On the other hand, you can become excruciatingly self-aware when you do read this book.

I do dislike that the approaches are pretty much entirely western-centric, even the section about cultural differences. These parts often seem like they are a bit outdated. And in general, women are more portrayed to focus on sexual and submissive gestures, so not really a course of body language for women, in my opinion. You might also get the feeling that male positions are superior in almost every situation, as the book is written in a way that seems to support such a point of view.

To be fair, the book states that it is the result of 30 years of their work, so it also reads a bit like a collection of various articles and works about the topic from different stages during their career. Which also might explain why you might sigh at the difficulty of finding the adequate reference at the end of the book, as they are listed alphabetically. This left the academic part of my soul to groan in desperation.

All in all, I give it a 2 out of five. There is excellent advice in the book and the ideas, approaches, and examples are well-illustrated. The sections about seating, powerplay and cluster and so on are very well written and informative. Thus, I think it is definitely worth to have that overview and that is why I have it in the book store section.

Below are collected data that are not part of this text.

lemma measure_root_subtrees:
  assumes S: "S \<in> sets (GW p)"
  shows "measure (GW p) {\<omega>. \<omega> [] = k \<and> (\<forall>i<k. subtree i \<omega> \<in> S)} = pmf p k * measure (GW p) S ^ k"
proof -
  interpret prob_space "GW p" by (rule prob_space_GW)
  define M where "M = (\<lambda>_::nat list. measure_pmf p)"
  \<comment> \<open>Index \<open>None\<close> stands for the root coordinate and \<open>Some i\<close> for the coordinates of the
    \<open>i\<close>-th subtree; these index sets are disjoint, so the restrictions are independent.\<close>
  define K where "K j = (case j of None \<Rightarrow> {[]} | Some i \<Rightarrow> range (Cons i))" for j :: "nat option"
  define A where "A j = (case j of
      None \<Rightarrow> {f \<in> space (PiM (K j) M). f [] = k}
    | Some i \<Rightarrow> {f \<in> space (PiM (K j) M). (\<lambda>u. f (i # u)) \<in> S})" for j
  define J where "J = insert None (Some ` {..<k})"
  have indep: "indep_vars (\<lambda>j. PiM (K j) M) (\<lambda>j \<omega>. restrict \<omega> (K j)) UNIV"
    unfolding M_def
    by (rule indep_vars_restrict[OF indep_vars_GW_coordinates])
      (auto simp: K_def disjoint_family_on_def split: option.splits)
  have sets_A: "A j \<in> sets (PiM (K j) M)" for j
  proof (cases j)
    case None
    have "Measurable.pred (PiM (K j) M) (\<lambda>f. f [] = k)"
      using None by (auto simp: K_def M_def)
    then show ?thesis using None by (simp add: A_def pred_def)
  next
    case (Some i)
    have "(\<lambda>f u. f (i # u)) \<in> measurable (PiM (K j) M) (GW p)"
      unfolding GW_def using Some
      by (intro measurable_PiM_single') (auto simp: K_def M_def intro!: measurable_component_singleton)
    then show ?thesis using Some measurable_sets[OF _ S] by (simp add: A_def Collect_conj_eq Int_commute vimage_def)
  qed
  have preimage: "(\<lambda>\<omega>. restrict \<omega> (K j)) -` A j \<inter> space (GW p) =
      (case j of None \<Rightarrow> {\<omega>. \<omega> [] \<in> {k}} | Some i \<Rightarrow> subtree i -` S)" for j
    by (cases j) (auto simp: A_def K_def M_def subtree_def space_PiM)
  have root: "prob {\<omega>. \<omega> [] = k} = pmf p k"
    using measure_GW_root[of p "{k}"] by (simp add: measure_pmf_single)
  have "{\<omega>. \<omega> [] = k \<and> (\<forall>i<k. subtree i \<omega> \<in> S)} =
      (\<Inter>j\<in>J. (\<lambda>\<omega>. restrict \<omega> (K j)) -` A j \<inter> space (GW p))"
    unfolding preimage by (auto simp: J_def)
  then have "prob {\<omega>. \<omega> [] = k \<and> (\<forall>i<k. subtree i \<omega> \<in> S)} =
      (\<Prod>j\<in>J. prob ((\<lambda>\<omega>. restrict \<omega> (K j)) -` A j \<inter> space (GW p)))"
    using indep_varsD[OF indep, of J A] sets_A by (auto simp: J_def)
  also have "\<dots> = (\<Prod>j\<in>J. case j of None \<Rightarrow> pmf p k | Some i \<Rightarrow> prob S)"
    unfolding preimage
    by (intro prod.cong refl) (auto split: option.splits simp: root measure_subtree S)
  also have "\<dots> = pmf p k * prob S ^ k"
    unfolding J_def by (subst prod.insert) (auto simp: prod.reindex)
  finally show ?thesis .
qed

lemma measure_root_le_subtrees:
  assumes S: "S \<in> sets (GW p)"
  shows "measure (GW p) {\<omega>. \<omega> [] \<le> r \<and> (\<forall>i<\<omega> []. subtree i \<omega> \<in> S)} =
    (\<Sum>k\<le>r. pmf p k * measure (GW p) S ^ k)"
proof -
  interpret prob_space "GW p" by (rule prob_space_GW)
  have "{\<omega>. \<omega> [] \<le> r \<and> (\<forall>i<\<omega> []. subtree i \<omega> \<in> S)} =
      (\<Union>k\<le>r. {\<omega>. \<omega> [] = k \<and> (\<forall>i<k. subtree i \<omega> \<in> S)})"
    by auto
  also have "prob \<dots> = (\<Sum>k\<le>r. prob {\<omega>. \<omega> [] = k \<and> (\<forall>i<k. subtree i \<omega> \<in> S)})"
    using sets_root_subtrees[OF S] by (intro finite_measure_finite_Union) (auto simp: disjoint_family_on_def)
  finally show ?thesis
    by (simp add: measure_root_subtrees[OF S])
qed

definition maxdeg_upto_cdf :: "nat pmf \<Rightarrow> nat \<Rightarrow> nat \<Rightarrow> real" where
  "maxdeg_upto_cdf p n r = measure (GW p) {\<omega>. maxdeg_upto \<omega> n \<le> r}"

lemma maxdeg_upto_cdf_eq: "maxdeg_upto_cdf p n r = measure (GW p) {\<omega>. degrees_bounded \<omega> n r}"
  by (simp add: maxdeg_upto_cdf_def maxdeg_upto_le_iff)

lemma maxdeg_upto_cdf_0: "maxdeg_upto_cdf p 0 r = (\<Sum>k\<le>r. pmf p k)"
  using measure_root_le_subtrees[of UNIV p r] prob_space.prob_space[OF prob_space_GW]
  by (simp add: maxdeg_upto_cdf_eq degrees_bounded_0 sets.top[of "GW p", simplified])

lemma maxdeg_upto_cdf_Suc:
  "maxdeg_upto_cdf p (Suc n) r = (\<Sum>k\<le>r. pmf p k * maxdeg_upto_cdf p n r ^ k)"
  using measure_root_le_subtrees[OF sets_degrees_bounded[where p = p and n = n and r = r], of r]
  by (simp add: maxdeg_upto_cdf_eq degrees_bounded_Suc)

lemma maxdeg_upto_cdf_nonneg: "0 \<le> maxdeg_upto_cdf p n r"
  by (simp add: maxdeg_upto_cdf_def)

lemma maxdeg_upto_cdf_le_1: "maxdeg_upto_cdf p n r \<le> 1"
  by (simp add: maxdeg_upto_cdf_def prob_space.prob_le_1[OF prob_space_GW])

lemma maxdeg_upto_cdf_mono: "r \<le> s \<Longrightarrow> maxdeg_upto_cdf p n r \<le> maxdeg_upto_cdf p n s"
  unfolding maxdeg_upto_cdf_eq
  by (intro finite_measure.finite_measure_mono[OF prob_space.finite_measure[OF prob_space_GW]]
      sets_degrees_bounded) (auto intro: degrees_bounded_mono)

lemma prob_maxdeg_upto_gt:
  "measure (GW p) {\<omega>. r < maxdeg_upto \<omega> n} = 1 - maxdeg_upto_cdf p n r"
proof -
  interpret prob_space "GW p" by (rule prob_space_GW)
  have "{\<omega>. r < maxdeg_upto \<omega> n} = space (GW p) - {\<omega>. degrees_bounded \<omega> n r}"
    by (auto simp: maxdeg_upto_le_iff[symmetric])
  then show ?thesis
    using prob_compl[OF sets_degrees_bounded] by (simp add: maxdeg_upto_cdf_eq)
qed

There are some bits here and there that are outdated. To say the least. For instance, one section states that German and British people are disciplined and mirror people more than other cultures: That is why they dominated the world for many years (chapter 12). I had to laugh at that. What would that make Swiss and Japanese people? Do we secretly dominate the world? I guess.

There are newer versions coming out every now and then, I am sure they keep reworking the book and take out blunders like these.